In den Augen etlicher Gemeinderäte, allen voran Rüdiger Krachenfels und Michael Asal, ist dies nichts anderes als eine Effekthascherei, wie sich in der Diskussion zeigte. "Denn die ganzen Klimaschutzmaßnahmen bringen nichts, wenn sich die Einstellung der einzelnen Bürger nicht ändert", betonte Krachenfels und verweis auf die Landesregierung, welche die schlechteste CO 2-Bilanz in der gesamten Bundesrepublik aufweise. Die sollten doch erst einmal mit gutem Beispiel vorangehen. Deutliche Worte fand auch Siggi Reich. "Sind Sie der Meinung, dass die E-Mobilität umweltschonender ist wie die Verbrennungsmotoren, sind sie der Meinung, dass der Strom aus der Steckdose kommt und die Batterien nicht vom Himmel herunterwachsen?", fragte er den Referenten provokant. Man müsse doch alles in allem sehen, nicht nur die Rosinen rauspicken. Das E-Mobil sei umweltfreundlich, wo es gerade fährt, aber Umweltschäden und -belastungen würden auch am Ort der Produktion entstehen, und auch der Strom für den Betrieb müsse erzeugt werden.

Dem Stichwort Effekthascherei von Krachenfels konnte sich Oliver Bumann nicht anschließen: Eine CO 2-Bilanz diene ja gerade dazu, diese aufzudecken oder gar nicht entstehen zu lassen.
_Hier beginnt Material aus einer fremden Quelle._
(*
  Counting partitions of an n-set by their number of blocks gives Bell n = sum_k S(n,k): a new point
  either forms a block of its own or joins one of the existing blocks, which is the recurrence of S.
  Expanding x^n in falling factorials, x^n = sum_k S(n,k) x(x-1)...(x-k+1), and summing j^n/j! over j
  gives Dobinski's formula sum_j j^n/j! = e B_n. The same expansion at -x writes (m+1)^n in terms of the
  rising factorials (m+1)(m+2)...(m+k) with signs (-1)^(n-k), while k! 1F1(k+1;2;1) is the series
  sum_m (m+1)(m+2)...(m+k)/(m+1)!. Exchanging the finite sum over k with the series over m turns the
  right-hand side into sum_m (m+1)^n/(m+1)! = e B_n.
*)

definition partitions_into :: "'a set \<Rightarrow> nat \<Rightarrow> 'a set set set" where
  "partitions_into A k = {P. partition_on A P \<and> card P = k}"

definition insert_into_block :: "'a \<Rightarrow> 'a set set \<Rightarrow> 'a set \<Rightarrow> 'a set set" where
  "insert_into_block a P B = insert (insert a B) (P - {B})"

lemma finite_partitions_into: "finite A \<Longrightarrow> finite (partitions_into A k)"
  unfolding partitions_into_def
  by (rule rev_finite_subset[OF finitely_many_partition_on]) auto

lemma card_partition_on_le:
  assumes "finite A" "partition_on A P"
  shows "card P \<le> card A"
proof -
  have blocks: "finite B" "B \<noteq> {}" if "B \<in> P" for B
    using that assms partition_onD1[OF assms(2)] partition_onD3[OF assms(2)]
    by (auto intro: rev_finite_subset)
  have "card P = (\<Sum>B\<in>P. 1)" by simp
  also have "\<dots> \<le> sum card P"
    using blocks by (intro sum_mono) (simp add: Suc_leI card_gt_0_iff)
  also have "\<dots> = card A"
    using card_Union_disjoint[OF partition_onD2[OF assms(2)] blocks(1)] partition_onD1[OF assms(2)]
    by simp
  finally show ?thesis .
qed

lemma partition_on_Diff_block:
  assumes "partition_on A P" "B \<in> P"
  shows "partition_on (A - B) (P - {B})"
proof -
  have "disjnt B (\<Union>(P - {B}))"
    using assms unfolding partition_on_def disjoint_def disjnt_def by blast
  moreover have "P = insert B (P - {B})" using assms(2) by auto
  ultimately show ?thesis using partition_on_insert[of B "P - {B}" A] assms(1) by auto
qed

lemma partition_on_insert_singleton:
  assumes "partition_on A P" "a \<notin> A"
  shows "partition_on (insert a A) (insert {a} P)"
  using partition_on_insert[of "{a}" P "insert a A"] assms partition_onD1[OF assms(1)]
  by (simp add: disjnt_def insert_Diff_if)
Es könne fundiert bewertet werde, wie am Beispiel der Umstellung der Straßenbeleuchtung auf LED, ob es etwas bringe oder nicht. "Das Problem, das man im Moment hat ist: Es werden sehr viel gute Dinge macht, aber sie entziehen sich eben der Kontrolle, weil man zum Beispiel keine CO 2-Bilanzierung macht."
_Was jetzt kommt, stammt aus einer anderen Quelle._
lemma adopt_prob_mono:
  assumes "weighted_graph V E w" "S \<subseteq> S'" "0 \<le> \<delta>" "\<delta> \<le> \<delta>'" "X \<subseteq> X'"
  shows "adopt_prob E w S \<delta> X u \<le> adopt_prob E w S' \<delta>' X' u"
  unfolding adopt_prob_eq_share[OF assms(1)]
proof (rule share_mono)
  have fin: "finite (in_nbrs E u)" using finite_in_nbrs[OF assms(1)] .
  have w: "v \<in> in_nbrs E u \<Longrightarrow> 0 \<le> w (v, u)" for v
    using in_nbrs_weight_pos[OF assms(1)] by (simp add: less_imp_le)
  show "0 \<le> (\<Sum>v\<in>in_nbrs E u \<inter> X. fbias S \<delta> X v u * w (v, u))"
    using w assms(3) by (intro sum_nonneg mult_nonneg_nonneg) (auto simp: fbias_def)
  have "(\<Sum>v\<in>in_nbrs E u \<inter> X. fbias S \<delta> X v u * w (v, u))
      \<le> (\<Sum>v\<in>in_nbrs E u \<inter> X. fbias S' \<delta>' X' v u * w (v, u))"
    using w assms by (intro sum_mono mult_right_mono fbias_mono) auto
  also have "\<dots> \<le> (\<Sum>v\<in>in_nbrs E u \<inter> X'. fbias S' \<delta>' X' v u * w (v, u))"
    using w fin assms by (intro sum_mono2 mult_nonneg_nonneg) (auto simp: fbias_def)
  finally show "(\<Sum>v\<in>in_nbrs E u \<inter> X. fbias S \<delta> X v u * w (v, u))
      \<le> (\<Sum>v\<in>in_nbrs E u \<inter> X'. fbias S' \<delta>' X' v u * w (v, u))" .
  show "0 \<le> (\<Sum>v\<in>in_nbrs E u - X'. w (v, u))"
    using w by (intro sum_nonneg) auto
  show "(\<Sum>v\<in>in_nbrs E u - X'. w (v, u)) \<le> (\<Sum>v\<in>in_nbrs E u - X. w (v, u))"
    using w fin assms(5) by (intro sum_mono2) auto
qed

lemma adopt_prob_bounds:
  assumes "weighted_graph V E w" "0 \<le> \<delta>"
  shows "0 \<le> adopt_prob E w S \<delta> X u" "adopt_prob E w S \<delta> X u \<le> 1"
proof -
  let ?a = "\<Sum>v\<in>in_nbrs E u \<inter> X. fbias S \<delta> X v u * w (v, u)"
  let ?b = "\<Sum>v\<in>in_nbrs E u - X. w (v, u)"
  have w: "v \<in> in_nbrs E u \<Longrightarrow> 0 \<le> w (v, u)" for v
    using in_nbrs_weight_pos[OF assms(1)] by (simp add: less_imp_le)
  have "0 \<le> ?a" using w assms(2) by (intro sum_nonneg mult_nonneg_nonneg) (auto simp: fbias_def)
  moreover have "0 \<le> ?b" using w by (intro sum_nonneg) auto
  ultimately show "0 \<le> adopt_prob E w S \<delta> X u" "adopt_prob E w S \<delta> X u \<le> 1"
    unfolding adopt_prob_eq_share[OF assms(1)] by (auto simp: divide_simps)
qed

lemma sum_copy_prob:
  assumes "weighted_graph V E w" "0 \<le> \<delta>" "in_nbrs E u \<noteq> {}"
  shows "(\<Sum>v\<in>in_nbrs E u. copy_prob E w S \<delta> X u v) = 1"
proof -
  have "0 < (\<Sum>v\<in>in_nbrs E u. fbias S \<delta> X v u * w (v, u))"
    using assms finite_in_nbrs[OF assms(1)] in_nbrs_weight_pos[OF assms(1)]
    by (intro sum_pos mult_pos_pos) (auto simp: fbias_def)
  then show ?thesis by (simp add: copy_prob_def sum_divide_distrib[symmetric])
qed

lemma copy_expectation:
  assumes "weighted_graph V E w" "0 \<le> \<delta>" "in_nbrs E u \<noteq> {}"
  shows "(\<Sum>v\<in>in_nbrs E u. copy_prob E w S \<delta> X u v * (if v \<in> X then a else b)) =
    adopt_prob E w S \<delta> X u * a + (1 - adopt_prob E w S \<delta> X u) * b"
proof -
  let ?c = "copy_prob E w S \<delta> X u" and ?N = "in_nbrs E u"
  have fin: "finite ?N" using finite_in_nbrs[OF assms(1)] .
  have "(\<Sum>v\<in>?N. ?c v * (if v \<in> X then a else b))
      = (\<Sum>v\<in>?N \<inter> X. ?c v * (if v \<in> X then a else b)) + (\<Sum>v\<in>?N - X. ?c v * (if v \<in> X then a else b))"
    using fin by (rule sum.Int_Diff)
  also have "\<dots> = (\<Sum>v\<in>?N \<inter> X. ?c v) * a + (\<Sum>v\<in>?N - X. ?c v) * b"
    by (simp add: sum_distrib_right)
  also have "(\<Sum>v\<in>?N - X. ?c v) = 1 - (\<Sum>v\<in>?N \<inter> X. ?c v)"
    using sum.Int_Diff[OF fin, of ?c X] sum_copy_prob[OF assms] by simp
  finally show ?thesis by (simp add: adopt_prob_def)
qed

lemma hit_prob_Suc_adopt:
  assumes "weighted_graph V E w" "0 \<le> \<delta>" "X \<noteq> V"
  shows "hit_prob V E w S \<delta> (Suc T) X = (1 / real (card V)) * (\<Sum>u\<in>V.
      if in_nbrs E u = {} then hit_prob V E w S \<delta> T X
      else adopt_prob E w S \<delta> X u * hit_prob V E w S \<delta> T (insert u X)
        + (1 - adopt_prob E w S \<delta> X u) * hit_prob V E w S \<delta> T (X - {u}))"
proof -
  have "(\<Sum>v\<in>in_nbrs E u. copy_prob E w S \<delta> X u v *
          (if v \<in> X then hit_prob V E w S \<delta> T (insert u X) else hit_prob V E w S \<delta> T (X - {u})))
      = adopt_prob E w S \<delta> X u * hit_prob V E w S \<delta> T (insert u X)
        + (1 - adopt_prob E w S \<delta> X u) * hit_prob V E w S \<delta> T (X - {u})"
    if "in_nbrs E u \<noteq> {}" for u
    using copy_expectation[OF assms(1,2) that] .
  with assms(3) show ?thesis by (auto intro!: sum.cong cong: if_cong)
qed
Auf die Frage von Bürgermeister Ragg, ob man nun am European Energy Award teilnehmen solle oder nicht, meldete sich Michael Asal zu Wort und betonte, dass der Gemeinderat doch nicht, wie schon so oft, aus dem Stehgreif irgendwelche "Schnellschüsse" treffen sollte, nur weil es zuerst nichts koste, da die Gemeinde, einmal installiert, auf den Folgekosten doch wieder sitzenbleibe. Auf die weitere Frage, ob dies allgemeiner Konsens im Rat sei, folgte der Bürgermeisters dem Vorschlag Asals, sich die Geschichte nochmals zu überlegen und die Sache vorerst auf sich beruhen zu lassen.
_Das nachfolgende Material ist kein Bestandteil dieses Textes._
(* Let $p\in[1,\infty]$, let $(\epsilon_n)_{n\ge1}$ be a sequence in $[0,\infty)^2$ converging to $(0,0)$, and let $X,Y$ be compact pmm-spaces. Then \[ \lim_{n\to\infty}\mathsf{PGW}_{\epsilon_n,p}(X,Y)=\mathsf{GW}_p(X,Y)=\lim_{n\to\infty}\mathsf{sPGW}_{\epsilon_n,p}(X,Y). \]
   Context: A pmm-space is a triple $(X,d_X,\mu_X)$ where $(X,d_X)$ is a complete separable metric space and $\mu_X$ a Borel probability measure; compact means $(X,d_X)$ compact. For a measure $\pi$ on $X\times Y$, $\pi_X,\pi_Y$ are its marginals. For $p<\infty$, $\|d_X-d_Y\|_{L^p(\pi\otimes\pi)}=\left(\iint|d_X(x,x')-d_Y(y,y')|^p\,d\pi(x,y)\,d\pi(x',y')\right)^{1/p}$; for $p=\infty$ it is the $\pi\otimes\pi$-essential supremum of $|d_X(x,x')-d_Y(y,y')|$. $\mathsf{GW}_p(X,Y)=\inf\|d_X-d_Y\|_{L^p(\pi\otimes\pi)}$ over Borel probability measures $\pi$ on $X\times Y$ with $\pi_X=\mu_X,\pi_Y=\mu_Y$. For $\epsilon=(\epsilon_1,\epsilon_2)$: $\mathcal{C}_\epsilon(\mu_X,\mu_Y)$ is the set of Borel probability measures $\pi$ on $X\times Y$ with $\pi_X\le(1+\epsilon_1)\mu_X$ and $\pi_Y\le(1+\epsilon_2)\mu_Y$ setwise on Borel sets; $\mathcal{S}_\epsilon(\mu_X,\mu_Y)$ is the set of Borel probability measures $\pi$ on $X\times Y$ such that $\pi_X,\mu_X$ are mutually absolutely continuous with $\|d\pi_X/d\mu_X\|_{L^\infty(\mu_X)},\|d\mu_X/d\pi_X\|_{L^\infty(\pi_X)}\le1+\epsilon_1$, and $\pi_Y,\mu_Y$ are mutually absolutely continuous with $\|d\pi_Y/d\mu_Y\|_{L^\infty(\mu_Y)},\|d\mu_Y/d\pi_Y\|_{L^\infty(\pi_Y)}\le1+\epsilon_2$. $\mathsf{PGW}_{\epsilon,p}(X,Y)$ (resp. $\mathsf{sPGW}_{\epsilon,p}(X,Y)$) is the infimum of $\|d_X-d_Y\|_{L^p(\pi\otimes\pi)}$ over $\pi\in\mathcal{C}_\epsilon(\mu_X,\mu_Y)$ (resp. $\pi\in\mathcal{S}_\epsilon(\mu_X,\mu_Y)$). *)

theory Defs
  imports "HOL-Analysis.Analysis" "HOL-Probability.Probability"
begin

text \<open>A pmm-space is modelled by a type of class polish_space (complete separable
metric space, metric dist) together with a Borel probability measure on it.\<close>

definition pmm_space :: "'a::polish_space measure \<Rightarrow> bool" where
  "pmm_space \<mu> \<longleftrightarrow> sets \<mu> = sets (borel :: 'a measure) \<and> prob_space \<mu>"

definition compact_pmm_space :: "'a::polish_space measure \<Rightarrow> bool" where
  "compact_pmm_space \<mu> \<longleftrightarrow> pmm_space \<mu> \<and> compact (UNIV :: 'a set)"

definition borel_prob :: "('a::polish_space \<times> 'b::polish_space) measure \<Rightarrow> bool" where
  "borel_prob \<pi> \<longleftrightarrow> sets \<pi> = sets (borel :: ('a \<times> 'b) measure) \<and> prob_space \<pi>"

definition marg1 :: "('a::polish_space \<times> 'b::polish_space) measure \<Rightarrow> 'a measure" where
  "marg1 \<pi> = distr \<pi> borel fst"

definition marg2 :: "('a::polish_space \<times> 'b::polish_space) measure \<Rightarrow> 'b measure" where
  "marg2 \<pi> = distr \<pi> borel snd"

definition distortion :: "('a::polish_space \<times> 'b::polish_space) \<times> ('a \<times> 'b) \<Rightarrow> real" where
  "distortion z = \<bar>dist (fst (fst z)) (fst (snd z)) - dist (snd (fst z)) (snd (snd z))\<bar>"

text \<open>The L^p(pi (x) pi) norm of the distortion, for p in [1,infinity] (p :: ennreal,
p = top meaning infinity), valued in the extended reals.\<close>

definition Lp_distortion :: "('a::polish_space \<times> 'b::polish_space) measure \<Rightarrow> ennreal \<Rightarrow> ereal" where
  "Lp_distortion \<pi> p =
    (if p = \<top> then esssup (\<pi> \<Otimes>\<^sub>M \<pi>) (\<lambda>z. ereal (distortion z))
     else (let I = (\<integral>\<^sup>+ z. ennreal (distortion z powr enn2real p) \<partial>(\<pi> \<Otimes>\<^sub>M \<pi>))
           in if I = \<top> then \<infinity> else ereal (enn2real I powr (1 / enn2real p))))"

definition couplings :: "'a::polish_space measure \<Rightarrow> 'b::polish_space measure \<Rightarrow> ('a \<times> 'b) measure set" where
  "couplings \<mu> \<nu> = {\<pi>. borel_prob \<pi> \<and> marg1 \<pi> = \<mu> \<and> marg2 \<pi> = \<nu>}"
Der Antrag der Gemeinderatsfraktion der Grünen vom November 2019 umfasste im Wesentlichen die Erstellung einer Energie- und CO 2-Bilanz der Gemeinde, um eine belastbare Ausgangsbasis für konkrete Klimaschutz-Maßnahmen zu erhalten. Ausgehend von dieser Bilanz sollen konkrete Maßnahmen zur Verringerung des CO 2-Ausstoßes in der Gemeinde, in Übereinstimmung mit den Zielen des Landes Baden-Württemberg und der Bundesregierung umgesetzt werden. Zudem fordert die Fraktion, dass die Gemeinde Niedereschach dem Klimaschutzpakt Baden-Württemberg beitritt und am prozessorientierten Zertifi-zierungsverfahren für kommunale Energieeffizienz und Klimaschutz, dem European Energy Award, teilnimmt.